Indian Information and
Technology industry, a $146 billion market, has now started evaluating their projects basis cost-saving and are thus, shifting them from offshore to onshore. This has made the offshore and onshore debate even more relevant now as with the expansion of automated technology, the need of shifting projects offshore becomes beside the point.
On condition of anonymity, a chief information officer of a European bank that outsources projects to one of India's top three software firms told Economic Times, "When you have the potential to automate certain projects, what difference does it make whether that project is onshore or offshore? It makes that debate irrelevant."
The ET report further cites that the automated technology has the potential to reduce production cost by 80% in commoditized service lines.
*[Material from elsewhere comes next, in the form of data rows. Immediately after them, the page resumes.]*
text \<open>
  A permutation avoiding 2413 and 3142 (a separable permutation) of length at least 2 is either
  a direct sum or a skew sum, never both. Cutting a direct sum after its shortest prefix that is
  itself a block makes the decomposition unique: with \<open>P, M\<close> the descent polynomials of
  direct and skew sums, and \<open>Q, R\<close> those of direct and skew indecomposables, one gets
  \<open>P = Q S\<close> and \<open>M = t R S\<close>, the factor \<open>t\<close> recording the descent at the junction of a
  skew sum. Complementation exchanges the two kinds of sums and turns descents into ascents, so
  the skew case follows from the direct one. Since an indecomposable permutation of length at
  least 2 of one kind is a sum of the other kind, \<open>Q = z + M\<close>, \<open>R = z + P\<close> and
  \<open>S = z + P + M\<close>; eliminating \<open>P, M, Q, R\<close> gives the cubic equation, and comparing
  coefficients gives the recurrence.
\<close>

unbundle fps_syntax

text \<open>An occurrence of 3142 for the reversed order \<open>(>)\<close> is an occurrence of 2413.\<close>

definition contains_3142 :: "(nat \<Rightarrow> nat \<Rightarrow> bool) \<Rightarrow> nat list \<Rightarrow> bool" where
  "contains_3142 R xs \<longleftrightarrow> (\<exists>i j k l. i < j \<and> j < k \<and> k < l \<and> l < length xs \<and>
     R (xs ! j) (xs ! l) \<and> R (xs ! l) (xs ! i) \<and> R (xs ! i) (xs ! k))"

lemma contains_length_4_iff:
  "contains xs [p0, p1, p2, p3] \<longleftrightarrow> (\<exists>i j k l. i < j \<and> j < k \<and> k < l \<and> l < length xs \<and>
     (\<forall>a<4. \<forall>b<4. xs ! ([i,j,k,l] ! a) < xs ! ([i,j,k,l] ! b) \<longleftrightarrow>
        [p0, p1, p2, p3] ! a < [p0, p1, p2, p3] ! b))"
    (is "_ \<longleftrightarrow> (\<exists>i j k l. ?sorted i j k l \<and> ?order i j k l)")
proof
  have "length [p0, p1, p2, p3] = 4" by simp
  moreover assume "contains xs [p0, p1, p2, p3]"
  ultimately obtain idx where len: "length idx = 4" and sorted: "sorted_wrt (<) idx"
    and bounded: "\<forall>j\<in>set idx. j < length xs"
    and order: "\<forall>a<4. \<forall>b<4. xs ! (idx ! a) < xs ! (idx ! b) \<longleftrightarrow>
        [p0, p1, p2, p3] ! a < [p0, p1, p2, p3] ! b"
    unfolding contains_def by metis
  have "idx = [idx!0, idx!1, idx!2, idx!3]"
    using len by (simp add: numeral_eq_Suc length_Suc_conv, metis nth_Cons_0 nth_Cons_Suc)
  then show "\<exists>i j k l. ?sorted i j k l \<and> ?order i j k l"
    using sorted len bounded order
    by (intro exI[of _ "idx!0"] exI[of _ "idx!1"] exI[of _ "idx!2"] exI[of _ "idx!3"])
       (auto simp: sorted_wrt_iff_nth_less)
next
  assume "\<exists>i j k l. ?sorted i j k l \<and> ?order i j k l"
  then obtain i j k l where "?sorted i j k l" "?order i j k l"
    by blast
  then show "contains xs [p0, p1, p2, p3]"
    unfolding contains_def by (intro exI[of _ "[i,j,k,l]"]) auto
qed

lemma all_less_4: "(\<forall>a<(4::nat). P a) \<longleftrightarrow> P 0 \<and> P 1 \<and> P 2 \<and> P 3"
  by (auto simp: numeral_eq_Suc less_Suc_eq)

lemma contains_3142_iff: "contains xs [3,1,4,2] \<longleftrightarrow> contains_3142 (<) xs"
proof -
  have "(\<forall>a<4. \<forall>b<4. xs ! ([i,j,k,l] ! a) < xs ! ([i,j,k,l] ! b) \<longleftrightarrow> [3,1,4,2::nat] ! a < [3,1,4,2] ! b)
      \<longleftrightarrow> xs ! j < xs ! l \<and> xs ! l < xs ! i \<and> xs ! i < xs ! k" for i j k l
    unfolding all_less_4 by simp linarith
  then show ?thesis
    unfolding contains_length_4_iff contains_3142_def by simp
qed

lemma contains_2413_iff: "contains xs [2,4,1,3] \<longleftrightarrow> contains_3142 (>) xs"
proof -
  have "(\<forall>a<4. \<forall>b<4. xs ! ([i,j,k,l] ! a) < xs ! ([i,j,k,l] ! b) \<longleftrightarrow> [2,4,1,3::nat] ! a < [2,4,1,3] ! b)
      \<longleftrightarrow> xs ! l < xs ! j \<and> xs ! i < xs ! l \<and> xs ! k < xs ! i" for i j k l
    unfolding all_less_4 by simp linarith
  then show ?thesis
    unfolding contains_length_4_iff contains_3142_def by simp
qed

definition separable :: "nat list \<Rightarrow> bool" where
  "separable xs \<longleftrightarrow> \<not> contains_3142 (<) xs \<and> \<not> contains_3142 (>) xs"

lemma avoid_perms_eq: "avoid_perms n = {xs \<in> perms n. separable xs}"
  unfolding avoid_perms_def separable_def contains_3142_iff contains_2413_iff by blast

lemma contains_3142_take:
  assumes "contains_3142 R (take m xs)"
  shows "contains_3142 R xs"
proof -
  obtain i j k l where "i < j" "j < k" "k < l" "l < length (take m xs)"
    "R (take m xs ! j) (take m xs ! l)" "R (take m xs ! l) (take m xs ! i)"
    "R (take m xs ! i) (take m xs ! k)"
    using assms unfolding contains_3142_def by blast
  then show ?thesis
    unfolding contains_3142_def by (intro exI[of _ i] exI[of _ j] exI[of _ k] exI[of _ l]) auto
qed

lemma contains_3142_drop:
  assumes "contains_3142 R (drop m xs)"
  shows "contains_3142 R xs"
proof -
  obtain i j k l where "i < j" "j < k" "k < l" "l < length (drop m xs)"
    "R (drop m xs ! j) (drop m xs ! l)" "R (drop m xs ! l) (drop m xs ! i)"
    "R (drop m xs ! i) (drop m xs ! k)"
    using assms unfolding contains_3142_def by blast
  then show ?thesis
    unfolding contains_3142_def
    by (intro exI[of _ "m + i"] exI[of _ "m + j"] exI[of _ "m + k"] exI[of _ "m + l"]) auto
qed

lemma separable_take: "separable xs \<Longrightarrow> separable (take m xs)"
  unfolding separable_def using contains_3142_take by blast

lemma separable_drop: "separable xs \<Longrightarrow> separable (drop m xs)"
  unfolding separable_def using contains_3142_drop by blast

lemma contains_3142_map:
  assumes "\<forall>a\<in>set xs. \<forall>b\<in>set xs. R (f a) (f b) \<longleftrightarrow> R' a b"
  shows "contains_3142 R (map f xs) \<longleftrightarrow> contains_3142 R' xs"
proof -
  have iff: "R (f (xs ! a)) (f (xs ! b)) \<longleftrightarrow> R' (xs ! a) (xs ! b)"
    if "a < length xs" "b < length xs" for a b
    using assms that by simp
  show ?thesis
    unfolding contains_3142_def length_map by (intro ex_cong1) (auto simp: iff)
qed

lemma separable_map_mono:
  assumes "\<forall>a\<in>set xs. \<forall>b\<in>set xs. f a < f b \<longleftrightarrow> a < b"
  shows "separable (map f xs) \<longleftrightarrow> separable xs"
proof -
  have "contains_3142 (<) (map f xs) \<longleftrightarrow> contains_3142 (<) xs"
    "contains_3142 (>) (map f xs) \<longleftrightarrow> contains_3142 (>) xs"
    by (rule contains_3142_map; use assms in auto)+
  then show ?thesis unfolding separable_def by simp
qed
Peter Bendor-Samuel, CEO of outsourcing advisory
Everest Group in his blog post said, "After more than a decade of achieving value through the offshore labour arbitrage model, one would think that mature organisations that have built GICs or captives, or organisations with extensive use of third-party outsourcing providers, would be at peace with the model. We expected them to move to a model of arbitrage plus
automation. But the level of peace and comfort with offshore arbitrage is much less than we expected, and companies are expressing their desire to use robotics automation to repatriate their work."
The robotics automation has the capability to disrupt the traditional ‘pyramid model’ of
Indian IT industry. After recognizing the worth of automated technology, industry’s top-notch organizations like
TCS, US-based Cognizant and
Infosys are speeding up their efforts and also spending heftily to get the expertise.